Embrace New Opportunities
It’s also important to recognise that opportunity has not knocked equally for all teachers. For many caught between employed and self-employed status, government support, guidance and training has been seriously lacking. It’s those members who will need help as the pandemic stretches deep into its second year.
“The way Covid has affected musicians has depended on where you were before it bit,” says Crofton. “If you were in a good place professionally, financially, mentally and emotionally, you’ve probably been able to adapt. If you didn’t have that stuff sorted, it can be really disheartening. It makes my heart sink to think how it’s affected some people in our trade.”
“The pandemic has revealed how insecure self-employment can be for musicians,” says Walters. “We know that many music teachers in schools are engaged under what we’d call fake self-employment. Teaching is their regular job and they’re managed as if they were employees, but without the benefits and stability of employment. Education about the differences between employment and self-employment is needed.
“We’ve developed a guide to employment statuses for music teachers, to be published in the spring. We are planning to accompany this with free training. It’s so important that music teachers know their rights.”
Top 5 Tips for teaching music online
1. Safeguarding should be your first priority. Be careful with your online profiles and messaging, dress and act professionally, and use a neutral background. Read our advice for safe teaching online.
2. Get familiar with more than one app. You might prefer Zoom, but your school might specify Microsoft Teams, and your private pupil might only have WhatsApp video.
3. Many music education organisations and companies have published free online resources for the pandemic. Check out these recommendations from Music Mark.
4. Pupils with additional needs, disabilities or learning difficulties may find the online interface more challenging. Read this guidance from Drake Music, a charity for music education and disability.
5. Online teaching can feel more distanced and less human, so make sure you leave time for a chat – with parents (if appropriate) as well as pupils.
Making the leap
Accelerated into action by Covid, Rhiannon Jeffreys set up Starling Music Academy and was awarded a £5,000 grant from the Prince’s Trust and Young Innovators Programme for transforming music theory teaching and providing bespoke digital learning.

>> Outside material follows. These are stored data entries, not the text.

lemma monom4_in_monomial_ideal_iff:
  "(monom4 c :: 'k::field poly4) \<in> ideal_gen ((\<lambda>i. monom4 (a i)) ` S)
     \<longleftrightarrow> (\<exists>i\<in>S. lookup (a i) \<le> lookup c)"
proof
  assume "(monom4 c :: 'k poly4) \<in> ideal_gen ((\<lambda>i. monom4 (a i)) ` S)"
  then show "\<exists>i\<in>S. lookup (a i) \<le> lookup c"
    by (rule monomial_ideal_term_dvd) (simp add: monom4_def)
next
  assume "\<exists>i\<in>S. lookup (a i) \<le> lookup c"
  then obtain i where i: "i \<in> S" "lookup (a i) \<le> lookup c" by blast
  then have "monom4 c = monom4 (c - a i) * (monom4 (a i) :: 'k poly4)"
    by (simp add: monom4_mult)
  moreover have "monom4 (a i) \<in> ring_module.span ((\<lambda>i. monom4 (a i) :: 'k poly4) ` S)"
    using i(1) by (simp add: ring_module.span_base)
  ultimately show "(monom4 c :: 'k poly4) \<in> ideal_gen ((\<lambda>i. monom4 (a i)) ` S)"
    unfolding ideal_gen_eq_span by (metis ring_module.span_scale)
qed

lemma minimal_generators_incomparable:
  fixes a :: "nat \<Rightarrow> (4 \<Rightarrow>\<^sub>0 nat)"
  assumes "\<forall>j\<in>S. (monom4 (a j) :: 'k::field poly4) \<notin> ideal_gen ((\<lambda>i. monom4 (a i)) ` (S - {j}))"
    and "i \<in> S" "j \<in> S" "i \<noteq> j"
  shows "\<not> lookup (a i) \<le> lookup (a j)"
  using assms by (auto simp: monom4_in_monomial_ideal_iff)

section \<open>Free modules and their projective summands\<close>

lemma lookup_smultF [simp]: "lookup (smultF s v) n = s * lookup v n"
  by (simp add: smultF_def Poly_Mapping.map.rep_eq when_def)

lemma smultF_zero_right [simp]: "smultF s 0 = 0"
  by (rule poly_mapping_eqI) simp

lemma smultF_single: "smultF s (Poly_Mapping.single i x) = Poly_Mapping.single i (s * x)"
  by (rule poly_mapping_eqI) (simp add: lookup_single when_def)

lemma smultF_smultF [simp]: "smultF s (smultF t v) = smultF (s * t) v"
  by (rule poly_mapping_eqI) (simp only: lookup_smultF mult.assoc)

lemma smultF_add_left: "smultF (s + t) v = smultF s v + smultF t v"
  by (rule poly_mapping_eqI) (simp add: lookup_add distrib_right)

lemma smultF_sum_right: "smultF s (\<Sum>i\<in>I. v i) = (\<Sum>i\<in>I. smultF s (v i))"
  by (rule poly_mapping_eqI) (simp add: lookup_sum sum_distrib_left)

lemma smultF_monom4_cancel [simp]:
  "smultF (monom4 u) x = smultF (monom4 u :: 'k::field poly4) y \<longleftrightarrow> x = y"
proof
  assume "smultF (monom4 u) x = smultF (monom4 u) y"
  then have "monom4 u * lookup x n = monom4 u * lookup y n" for n
    by (metis lookup_smultF)
  then show "x = y" by (auto intro: poly_mapping_eqI)
qed simp

lemma freeS_divide_coordinates:
  fixes y :: "'k::field freeS"
  assumes "\<And>n. n \<in> A \<Longrightarrow> monom4 (u n) dvd lookup y n"
  shows "\<exists>z. Poly_Mapping.keys z \<subseteq> A \<and> (\<forall>n\<in>A. lookup y n = monom4 (u n) * lookup z n)"
proof -
  have "\<forall>n\<in>A. \<exists>g. lookup y n = monom4 (u n) * g"
    using assms by (auto simp: dvd_def)
  then obtain g where g: "\<And>n. n \<in> A \<Longrightarrow> lookup y n = monom4 (u n) * g n"
    by (auto dest!: bchoice)
  define z :: "'k freeS" where
    "z = Abs_poly_mapping (\<lambda>n. if n \<in> A \<and> lookup y n \<noteq> 0 then g n else 0)"
  have "finite {n. (if n \<in> A \<and> lookup y n \<noteq> 0 then g n else 0) \<noteq> 0}"
    by (rule finite_subset[of _ "Poly_Mapping.keys y"]) (auto simp: in_keys_iff)
  then have "lookup z n = (if n \<in> A \<and> lookup y n \<noteq> 0 then g n else 0)" for n
    by (simp add: z_def)
  then show ?thesis
    using g by (auto intro!: exI[of _ z] simp: in_keys_iff split: if_splits)
qed

lemma S_linear_zero: "S_linear f \<Longrightarrow> f 0 = 0"
  unfolding S_linear_def by (metis add_cancel_right_right)

lemma S_linear_smultF: "S_linear f \<Longrightarrow> f (smultF s v) = smultF s (f v)"
  unfolding S_linear_def by blast

lemma S_linear_diff: "S_linear f \<Longrightarrow> f (u - v) = f u - f v"
  unfolding S_linear_def by (metis add_diff_cancel_right' diff_add_cancel)
lemma L2_quadratic: "L2 xi (quadratic c)"
  unfolding quadratic_def by (intro continuous_on_imp_L2 continuous_intros)

lemma L2_diff:
  assumes "L2 xi f" "L2 xi g"
  shows "L2 xi (\<lambda>t. f t - g t)"
proof -
  have "(\<lambda>x. indicator {0..xi} x *\<^sub>R f x) \<in> borel_measurable lborel"
    and "(\<lambda>x. indicator {0..xi} x *\<^sub>R g x) \<in> borel_measurable lborel"
    using assms unfolding L2_def set_borel_measurable_def by simp_all
  then have "(\<lambda>x. indicator {0..xi} x *\<^sub>R f x - indicator {0..xi} x *\<^sub>R g x) \<in> borel_measurable lborel"
    by measurable
  then have meas: "set_borel_measurable lborel {0..xi} (\<lambda>t. f t - g t)"
    unfolding set_borel_measurable_def by (simp add: right_diff_distrib)
  have "set_integrable lborel {0..xi} (\<lambda>t. (f t - g t)\<^sup>2)"
  proof (rule set_integrable_bound)
    show "set_integrable lborel {0..xi} (\<lambda>t. 2 * (f t)\<^sup>2 + 2 * (g t)\<^sup>2)"
      using assms unfolding L2_def by (intro set_integral_add set_integrable_mult_right) auto
    have "(\<lambda>x. (indicator {0..xi} x *\<^sub>R (f x - g x))\<^sup>2) \<in> borel_measurable lborel"
      using meas unfolding set_borel_measurable_def by measurable
    moreover have "(\<lambda>x. (indicator {0..xi} x *\<^sub>R (f x - g x))\<^sup>2)
        = (\<lambda>x. indicator {0..xi} x *\<^sub>R (f x - g x)\<^sup>2)"
      by (simp add: fun_eq_iff indicator_def)
    ultimately show "set_borel_measurable lborel {0..xi} (\<lambda>t. (f t - g t)\<^sup>2)"
      unfolding set_borel_measurable_def by simp
    show "AE t in lborel. t \<in> {0..xi} \<longrightarrow> norm ((f t - g t)\<^sup>2) \<le> norm (2 * (f t)\<^sup>2 + 2 * (g t)\<^sup>2)"
    proof (intro AE_I2 impI)
      fix t
      have "0 \<le> (f t + g t)\<^sup>2"
        by simp
      then have "(f t - g t)\<^sup>2 \<le> 2 * (f t)\<^sup>2 + 2 * (g t)\<^sup>2"
        by (simp add: power2_eq_square algebra_simps)
      then show "norm ((f t - g t)\<^sup>2) \<le> norm (2 * (f t)\<^sup>2 + 2 * (g t)\<^sup>2)"
        by simp
    qed
  qed
  with meas show ?thesis
    unfolding L2_def by simp
qed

The idea, she says, is to help students pass music theory exams through individually tailored courses, freeing up time in their regular lessons. The programme “recreates some of the good parts of in-person learning, with the convenience of being online” and creates jobs for musicians.
“I found it important to create a pleasant workspace,” she says, “and set myself breaks and boundaries. I’ve implemented a ‘no teaching emails at the weekend policy’ because I realised I was on call seven days a week.”
“Music is such a human thing and I didn’t want anyone to feel like they were learning from robots. My students have adapted very well. I haven’t found that their attention spans are different with online learning. Without online teaching, both musicians and music students would have suffered even more than they have already, and for that I will always be grateful.”